- Location: 25°48′21″N 88°52′58″E﻿ / ﻿25.80583°N 88.88278°E Golahat, Nilphamari, Bangladesh
- Date: 13 June 1971 10 a.m. (UTC+6:00)
- Target: Marwari Hindus
- Attack type: Mass murder, Massacre
- Weapons: Ram-daos, Bayonets
- Deaths: 437
- Perpetrators: Bihari Muslims, Pakistani Army

= Golahat massacre =

Massacre in 1971

The Golahat massacre (গোলাহাট গণহত্যা) was a massacre of 437 emigrating Hindu merchants and businessmen of Marwari ethnicity in Saidpur, East Pakistan on June 13, 1971.

== Background ==
Saidpur is a railway town and a commercial hub situated in the Nilphamari District of Rangpur division of Bangladesh. It is situated near Parbatipur, which was an important rail junction in undivided India, connecting the North East to the rest of the country. The Marwaris, attracted by the prospect of trade and commerce had settled in the town of Saidpur, long before the Partition of India. The Marwaris became a part of the local population and contributed to the society. In 1911, Tulsiram Agarwal had founded the Tulsiram Girls High School. Some of them had earned a respected position in the society because of their social work.

After the Partition of India, the Marwaris chose to stay back in East Pakistan rather than migrating to India. Thousands of Urdu-speaking Muslims from Bihar and the United Provinces settled in Saidpur. In 1971, the Urdu-speaking Muslims constituted 75% of the population of the city.

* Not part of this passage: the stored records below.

(* Let $R$ be a unital associative ring and let $J=J_2\circ J_1$ act on $M_3(R)$. Then the domain of $J^n$ does not depend on $n$ for $n\geq 2$. For $n\geq 2$, ${\rm dom}(J^n)={\rm dom}(J)\cap{\rm dom}(J^{-1})$, and $M\in M_3(R)$ belongs to ${\rm dom}(J^n)$ if and only if all square submatrices of $M$ and of $J_2(M)$ are invertible.
   Context: $R^*$ denotes the units of $R$. $M_n^*(R)$ is the set of invertible $n\times n$ matrices over $R$, and $M_n^\star(R)$ the set of $n\times n$ matrices all of whose entries are in $R^*$. $J_1(M)=M^{-1}$ with domain $M_n^*(R)$; $J_2(M)_{jk}=(M_{kj})^{-1}$ with domain $M_n^\star(R)$. Compositions $g\circ f$ have domain $\{x\in{\rm dom}(f):f(x)\in{\rm dom}(g)\}$; $J^n$ is the $n$-fold composition. $J^{-1}:=J_1\circ J_2$, with domain $\{M\in M_n^\star(R): J_2(M)\in M_n^*(R)\}$. *)

theory Defs
  imports "HOL-Analysis.Analysis"
begin

definition is_unit_r :: "'a::ring_1 \<Rightarrow> bool" where
  "is_unit_r x \<longleftrightarrow> (\<exists>y. x * y = 1 \<and> y * x = 1)"

definition uinv :: "'a::ring_1 \<Rightarrow> 'a" where
  "uinv x = (THE y. x * y = 1 \<and> y * x = 1)"

(* Partial maps are modelled as functions into option; None = outside the domain. *)
definition pdom :: "('a \<Rightarrow> 'b option) \<Rightarrow> 'a set" where
  "pdom f = {x. f x \<noteq> None}"

definition pcomp :: "('b \<Rightarrow> 'c option) \<Rightarrow> ('a \<Rightarrow> 'b option) \<Rightarrow> 'a \<Rightarrow> 'c option" where
  "pcomp g f x = (case f x of None \<Rightarrow> None | Some y \<Rightarrow> g y)"

definition J1 :: "'a::ring_1^'n^'n \<Rightarrow> ('a^'n^'n) option" where
  "J1 M = (if invertible M then Some (matrix_inv M) else None)"

definition J2 :: "'a::ring_1^'n^'n \<Rightarrow> ('a^'n^'n) option" where
  "J2 M = (if (\<forall>j k. is_unit_r (M $ j $ k))
           then Some (\<chi> j k. uinv (M $ k $ j)) else None)"

definition Jmap :: "'a::ring_1^'n^'n \<Rightarrow> ('a^'n^'n) option" where
  "Jmap = pcomp J2 J1"

definition Jinvmap :: "'a::ring_1^'n^'n \<Rightarrow> ('a^'n^'n) option" where
  "Jinvmap = pcomp J1 J2"

fun Jpow :: "nat \<Rightarrow> 'a::ring_1^'n^'n \<Rightarrow> ('a^'n^'n) option" where
  "Jpow 0 = Some"
| "Jpow (Suc n) = pcomp Jmap (Jpow n)"

(* This is independent of the chosen ordering of rows and columns. *)
definition submatrix_invertible :: "'a::ring_1^'n^'n \<Rightarrow> 'n set \<Rightarrow> 'n set \<Rightarrow> bool" where
  "submatrix_invertible M I K \<longleftrightarrow>
     (\<exists>N :: 'n \<Rightarrow> 'n \<Rightarrow> 'a.
        (\<forall>i\<in>I. \<forall>i'\<in>I. (\<Sum>k\<in>K. M $ i $ k * N k i') = (if i = i' then 1 else 0)) \<and>
        (\<forall>k\<in>K. \<forall>k'\<in>K. (\<Sum>i\<in>I. N k i * M $ i $ k') = (if k = k' then 1 else 0)))"

definition all_square_submatrices_invertible :: "'a::ring_1^'n^'n \<Rightarrow> bool" where
  "all_square_submatrices_invertible M \<longleftrightarrow>
     (\<forall>I K :: 'n set. I \<noteq> {} \<and> card I = card K \<longrightarrow> submatrix_invertible M I K)"

end

theory Submission
  imports Defs
begin

text \<open>Let \<open>W = M\<inverse>\<close>, where all entries of \<open>M\<close> and \<open>W\<close> are units. Taking the Schur
  complement of \<open>J\<^sub>2(M)\<close> at its corner entry shows that \<open>J\<^sub>2(M)\<close> is invertible iff a certain
  \<open>2 \<times> 2\<close> matrix of quasideterminants of \<open>M\<close> is; the corresponding quasideterminants of
  \<open>W\<close> are the inverses of those of \<open>M\<close> at complementary positions, and inverting the
  entries of a \<open>2 \<times> 2\<close> matrix of units (and transposing) preserves invertibility. Hence
  \<open>J\<^sub>2(M)\<close> is invertible iff \<open>J\<^sub>2(W)\<close> is. So \<open>J\<close> maps \<open>dom J \<inter> dom J\<inverse>\<close> into
  itself, and conversely \<open>M \<in> dom J\<^sup>2\<close> already forces \<open>M \<in> dom J\<inverse>\<close>; thus
  \<open>dom J\<^sup>n = dom J \<inter> dom J\<inverse>\<close> for \<open>n \<ge> 2\<close>. Finally, by Jacobi's complementary minor
  theorem a \<open>2 \<times> 2\<close> submatrix of an invertible \<open>3 \<times> 3\<close> matrix is invertible iff the
  complementary entry of the inverse is a unit, which turns this domain into the condition
  on square submatrices.\<close>

section \<open>Units of a ring\<close>

lemma uinv_eqI:
  fixes x :: "'a::ring_1"
  assumes "x * y = 1" "y * x = 1"
  shows "uinv x = y"
  unfolding uinv_def
proof (rule the_equality)
  show "x * y = 1 \<and> y * x = 1" using assms by simp
  fix z assume "x * z = 1 \<and> z * x = 1"
  then show "z = y" using assms by (metis mult.assoc mult_1_left mult_1_right)
qed

lemma is_unit_rI:
  fixes x :: "'a::ring_1"
  assumes "x * y = 1" "y * x = 1"
  shows "is_unit_r x"
  using assms unfolding is_unit_r_def by blast

lemma is_unit_r_uinv_cancel [simp]:
  fixes x :: "'a::ring_1"
  assumes "is_unit_r x"
  shows "x * uinv x = 1" "uinv x * x = 1" "x * (uinv x * z) = z" "uinv x * (x * z) = z"
proof -
  obtain y where "x * y = 1" "y * x = 1" using assms unfolding is_unit_r_def by blast
  then show "x * uinv x = 1" "uinv x * x = 1" using uinv_eqI by auto
  then show "x * (uinv x * z) = z" "uinv x * (x * z) = z" by (simp_all flip: mult.assoc)
qed

lemma is_unit_r_uinv [simp]:
  fixes x :: "'a::ring_1"
  assumes "is_unit_r x"
  shows "is_unit_r (uinv x)" "uinv (uinv x) = x"
  using assms is_unit_rI[of "uinv x" x] uinv_eqI[of "uinv x" x] by simp_all

lemma is_unit_r_mult:
  fixes x :: "'a::ring_1"
  assumes "is_unit_r x" "is_unit_r y"
  shows "is_unit_r (x * y)"
  using assms is_unit_rI[of "x * y" "uinv y * uinv x"] by (simp add: mult.assoc)

lemma is_unit_r_mult_cancel:
  fixes x :: "'a::ring_1"
  assumes "is_unit_r x" "is_unit_r y"
  shows "is_unit_r (x * s * y) \<longleftrightarrow> is_unit_r s"
proof
  assume "is_unit_r (x * s * y)"
  then have "is_unit_r (uinv x * (x * s * y) * uinv y)"
    using assms is_unit_r_mult is_unit_r_uinv by metis
  then show "is_unit_r s" using assms by (simp add: mult.assoc)
next
  assume "is_unit_r s"
  then show "is_unit_r (x * s * y)" using assms is_unit_r_mult by metis
qed

lemma is_unit_r_minus:
  fixes x :: "'a::ring_1"
  assumes "is_unit_r x"
  shows "is_unit_r (- x)"
  using assms is_unit_rI[of "- x" "- uinv x"] by simp

section \<open>Invertible \<open>2 \<times> 2\<close> matrices\<close>

definition invertible2 :: "'a::ring_1 \<Rightarrow> 'a \<Rightarrow> 'a \<Rightarrow> 'a \<Rightarrow> bool" where
  "invertible2 a b c d \<longleftrightarrow> (\<exists>e f g h.
      a*e + b*g = 1 \<and> a*f + b*h = 0 \<and> c*e + d*g = 0 \<and> c*f + d*h = 1 \<and>
      e*a + f*c = 1 \<and> e*b + f*d = 0 \<and> g*a + h*c = 0 \<and> g*b + h*d = 1)"

lemma invertible2_swapI:
  assumes "invertible2 a b c d" shows "invertible2 d c b a"
  using assms unfolding invertible2_def by (metis add.commute)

During the Bangladesh War of Independence, On 12 April, the Pakistan army killed prominent Marwari citizens Tulsiram Agarwal, Yamuna Prasad Kedia and Rameshwar Lal Agarwal at Nisbetganj. The killings created a panic in the Marwari community.

== Events ==
On 1 June, the Pakistan army took 185 Marwari men and transported them to Saidpur cantonment. Major Gul of the Pakistan army employed them in renovation of the Saidpur airbase and digging trenches for military purposes. A few days later, Major Gul stated that he would send them to India through the border outpost at Haldibari. Meanwhile, on 5 June, the Pakistan army announced that the Hindus of Saidpur would be provided a safe passage to India through the Chilahati border into the Jalpaiguri district of West Bengal.

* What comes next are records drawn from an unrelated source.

(* Let $u_0\in H^1_0(\Omega)$. There exists $(y,f)\in L^2(Q_T)\times L^2(q_T)$ such that $(y,f)\in\mathcal{A}(s)$ for all $s\ge0$.
   Context: $\Omega=(0,1)$, $\omega\subset\subset\Omega$ a non-empty open set, $T>0$, $Q_T=\Omega\times(0,T)$, $q_T=\omega\times(0,T)$, $\Sigma_T=\partial\Omega\times(0,T)$. Fix $\widetilde\psi\in C^1(\overline\Omega)$ with $\widetilde\psi\in(0,1)$ in $\Omega$, $\widetilde\psi=0$ on $\partial\Omega$, $|\partial_x\widetilde\psi|>0$ on $\overline{\Omega\setminus\omega}$; $\widehat\psi=\widetilde\psi+6$; fix $0<T_1<\min(1/4,3T/8)$ and $\lambda=\lambda_0\ge1$ fixed. For $s$, $\mu=s\lambda^2e^{2\lambda}$, $\theta\in C^2([0,T))$ with $\theta(t)=1+(1-4t/T)^\mu$ on $[0,T/4]$, $\theta=1$ on $[T/4,T-2T_1]$, $\theta$ increasing on $[T-2T_1,T-T_1]$, $\theta(t)=1/(T-t)$ on $[T-T_1,T)$; $\varphi=\theta(t)(\lambda e^{12\lambda}-e^{\lambda\widehat\psi(x)})$, $\xi=\theta(t)e^{\lambda\widehat\psi(x)}$, $\rho(s)=e^{s\varphi}$, $\rho_0(s)=\xi^{-3/2}\rho(s)$. $\mathcal{A}(s)$ denotes the set of pairs $(y,f)$ with $\rho(s)y\in L^2(Q_T)$, $\rho_0(s)f\in L^2(q_T)$, $\rho_0(s)(\partial_ty-\partial_{xx}y)\in L^2(Q_T)$, $y(\cdot,0)=u_0$ in $\Omega$ and $y=0$ on $\Sigma_T$. *)

theory Defs
  imports "HOL-Analysis.Analysis"
begin

definition QT :: "real \<Rightarrow> (real \<times> real) set" where
  "QT T = {0<..<1} \<times> {0<..<T}"

definition qT :: "real set \<Rightarrow> real \<Rightarrow> (real \<times> real) set" where
  "qT \<omega> T = \<omega> \<times> {0<..<T}"

definition L2_on :: "'a::euclidean_space set \<Rightarrow> ('a \<Rightarrow> real) \<Rightarrow> bool" where
  "L2_on A g \<longleftrightarrow> (\<lambda>z. indicator A z * g z) \<in> borel_measurable lebesgue
      \<and> integrable lebesgue (\<lambda>z. indicator A z * (g z)^2)"

text \<open>H^1_0(0,1): a.e. equal to an absolutely continuous function with L^2 derivative
  vanishing at both endpoints.\<close>
definition H10 :: "(real \<Rightarrow> real) \<Rightarrow> bool" where
  "H10 u \<longleftrightarrow> (\<exists>w v. L2_on {0<..<1} v
      \<and> (\<forall>x\<in>{0..1}. w x = (LINT s:{0..x}|lebesgue. v s))
      \<and> w 1 = 0
      \<and> (AE x in lebesgue. x \<in> {0<..<1} \<longrightarrow> u x = w x))"

definition test_fun :: "(real \<times> real) set \<Rightarrow> (real \<times> real \<Rightarrow> real) \<Rightarrow> (real \<times> real \<Rightarrow> real)
    \<Rightarrow> (real \<times> real \<Rightarrow> real) \<Rightarrow> (real \<times> real \<Rightarrow> real) \<Rightarrow> bool" where
  "test_fun Q \<phi> \<phi>t \<phi>x \<phi>xx \<longleftrightarrow>
     continuous_on UNIV \<phi> \<and> continuous_on UNIV \<phi>t \<and> continuous_on UNIV \<phi>x
     \<and> continuous_on UNIV \<phi>xx
     \<and> (\<forall>x t. ((\<lambda>t'. \<phi> (x, t')) has_real_derivative \<phi>t (x, t)) (at t))
     \<and> (\<forall>x t. ((\<lambda>x'. \<phi> (x', t)) has_real_derivative \<phi>x (x, t)) (at x))
     \<and> (\<forall>x t. ((\<lambda>x'. \<phi>x (x', t)) has_real_derivative \<phi>xx (x, t)) (at x))
     \<and> (\<exists>K. compact K \<and> K \<subseteq> Q \<and> (\<forall>z. z \<notin> K \<longrightarrow> \<phi> z = 0))"

text \<open>\<partial>_t y - \<partial>_xx y = g in the sense of distributions on Q.\<close>
definition heat_weak :: "(real \<times> real) set \<Rightarrow> (real \<times> real \<Rightarrow> real) \<Rightarrow> (real \<times> real \<Rightarrow> real) \<Rightarrow> bool" where
  "heat_weak Q y g \<longleftrightarrow> (\<forall>\<phi> \<phi>t \<phi>x \<phi>xx. test_fun Q \<phi> \<phi>t \<phi>x \<phi>xx \<longrightarrow>
      (LINT z|lebesgue. indicator Q z * y z * (- \<phi>t z - \<phi>xx z))
        = (LINT z|lebesgue. indicator Q z * g z * \<phi> z))"

definition psi_hat :: "(real \<Rightarrow> real) \<Rightarrow> real \<Rightarrow> real" where
  "psi_hat \<psi> x = \<psi> x + 6"

definition mu :: "real \<Rightarrow> real \<Rightarrow> real" where
  "mu lam s = s * lam^2 * exp (2 * lam)"

definition theta_adm :: "real \<Rightarrow> real \<Rightarrow> real \<Rightarrow> real \<Rightarrow> (real \<Rightarrow> real) \<Rightarrow> bool" where
  "theta_adm T T1 lam s \<theta> \<longleftrightarrow>
     (\<exists>\<theta>' \<theta>''. (\<forall>t\<in>{0..<T}. (\<theta> has_real_derivative \<theta>' t) (at t within {0..<T})
                 \<and> (\<theta>' has_real_derivative \<theta>'' t) (at t within {0..<T}))
               \<and> continuous_on {0..<T} \<theta>'')
     \<and> (\<forall>t\<in>{0..T/4}. \<theta> t = 1 + (1 - 4 * t / T) powr (mu lam s))
     \<and> (\<forall>t\<in>{T/4..T - 2*T1}. \<theta> t = 1)
     \<and> mono_on {T - 2*T1..T - T1} \<theta>
     \<and> (\<forall>t\<in>{T - T1..<T}. \<theta> t = 1 / (T - t))"

definition varphi :: "real \<Rightarrow> (real \<Rightarrow> real) \<Rightarrow> (real \<Rightarrow> real) \<Rightarrow> real \<times> real \<Rightarrow> real" where
  "varphi lam \<psi> \<theta> z = \<theta> (snd z) * (lam * exp (12 * lam) - exp (lam * psi_hat \<psi> (fst z)))"

definition xi :: "real \<Rightarrow> (real \<Rightarrow> real) \<Rightarrow> (real \<Rightarrow> real) \<Rightarrow> real \<times> real \<Rightarrow> real" where
  "xi lam \<psi> \<theta> z = \<theta> (snd z) * exp (lam * psi_hat \<psi> (fst z))"

definition rho :: "real \<Rightarrow> (real \<Rightarrow> real) \<Rightarrow> (real \<Rightarrow> real) \<Rightarrow> real \<Rightarrow> real \<times> real \<Rightarrow> real" where
  "rho lam \<psi> \<theta> s z = exp (s * varphi lam \<psi> \<theta> z)"

definition rho0 :: "real \<Rightarrow> (real \<Rightarrow> real) \<Rightarrow> (real \<Rightarrow> real) \<Rightarrow> real \<Rightarrow> real \<times> real \<Rightarrow> real" where
  "rho0 lam \<psi> \<theta> s z = xi lam \<psi> \<theta> z powr (-3/2) * rho lam \<psi> \<theta> s z"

On the morning of 13 June, at about 6 a.m., the 185 prisoners were brought to the Saidpur railway station in four military trucks. They were assured a safe passage to India and asked to bring their family and relatives. They rushed to their houses in the joy of freedom and soon returned with their families. The Pakistani soldiers and the Bihari Muslims segregated the crowd into men and women. A special train had arrived at the Saidpur railway station at 8 a.m. They were boarded into separate compartments, two each for the men and the women. The doors and the windows were locked from inside. While boarding, no less 20 married and unmarried women were detained by the Pakistani soldiers and later taken to the Saidpur cantonment.

At about 10 a.m. the special train commenced its journey towards India. Soon after the journey had commenced, the train abruptly came to a halt over a railway culvert in Golahat, a locality in the outskirts of the Saidpur town, two kilometres of the Saidpur railway station. The doors of the compartments were opened and Bihari Muslims, armed with shining ramdaos entered the compartments. The entire area was surrounded by the Pakistani military, armed with automatic weapons. The Bihari Muslims abused the Hindus, calling them malaun and stated that their lives were not even worthy of a bullet. The men, women and children were dragged out one by one. The Pakistani army and their collaborators bayoneted and butchered them to death. The children who were crying out of fear were either smashed on the railway tracks or flung into the air and then caught with bayonets.

There is some confusion regarding the number of people killed in the Golahat massacre. According to the Bangladesh Sangbad Sangstha and Prothom Alo, 437 Hindus were killed in the massacre. However, Sarmila Bose mentioned a figure of 338, quoting from an account of Dwarka Prasad Singhania, Marwari businessman of Saidpur. Only ten from those who boarded the train could escape. They ran towards Dinajpur and finally took shelter in India.

== Memorial ==
In 2010, Prajanma 71 and Saidpur Smaranika Parishad commemorated the martyrdom of the victims through puja and anjali at the mass killing site at Golahat. No memorial has been erected even after 40 years of the Liberation War. The relics of the massacre are being lost. Local land sharks have encroached upon the site of mass killing and started cultivation. Sumit Agarwala, the president of Saidpur Smaranika Parishad demanded a national memorial at the mass killing site.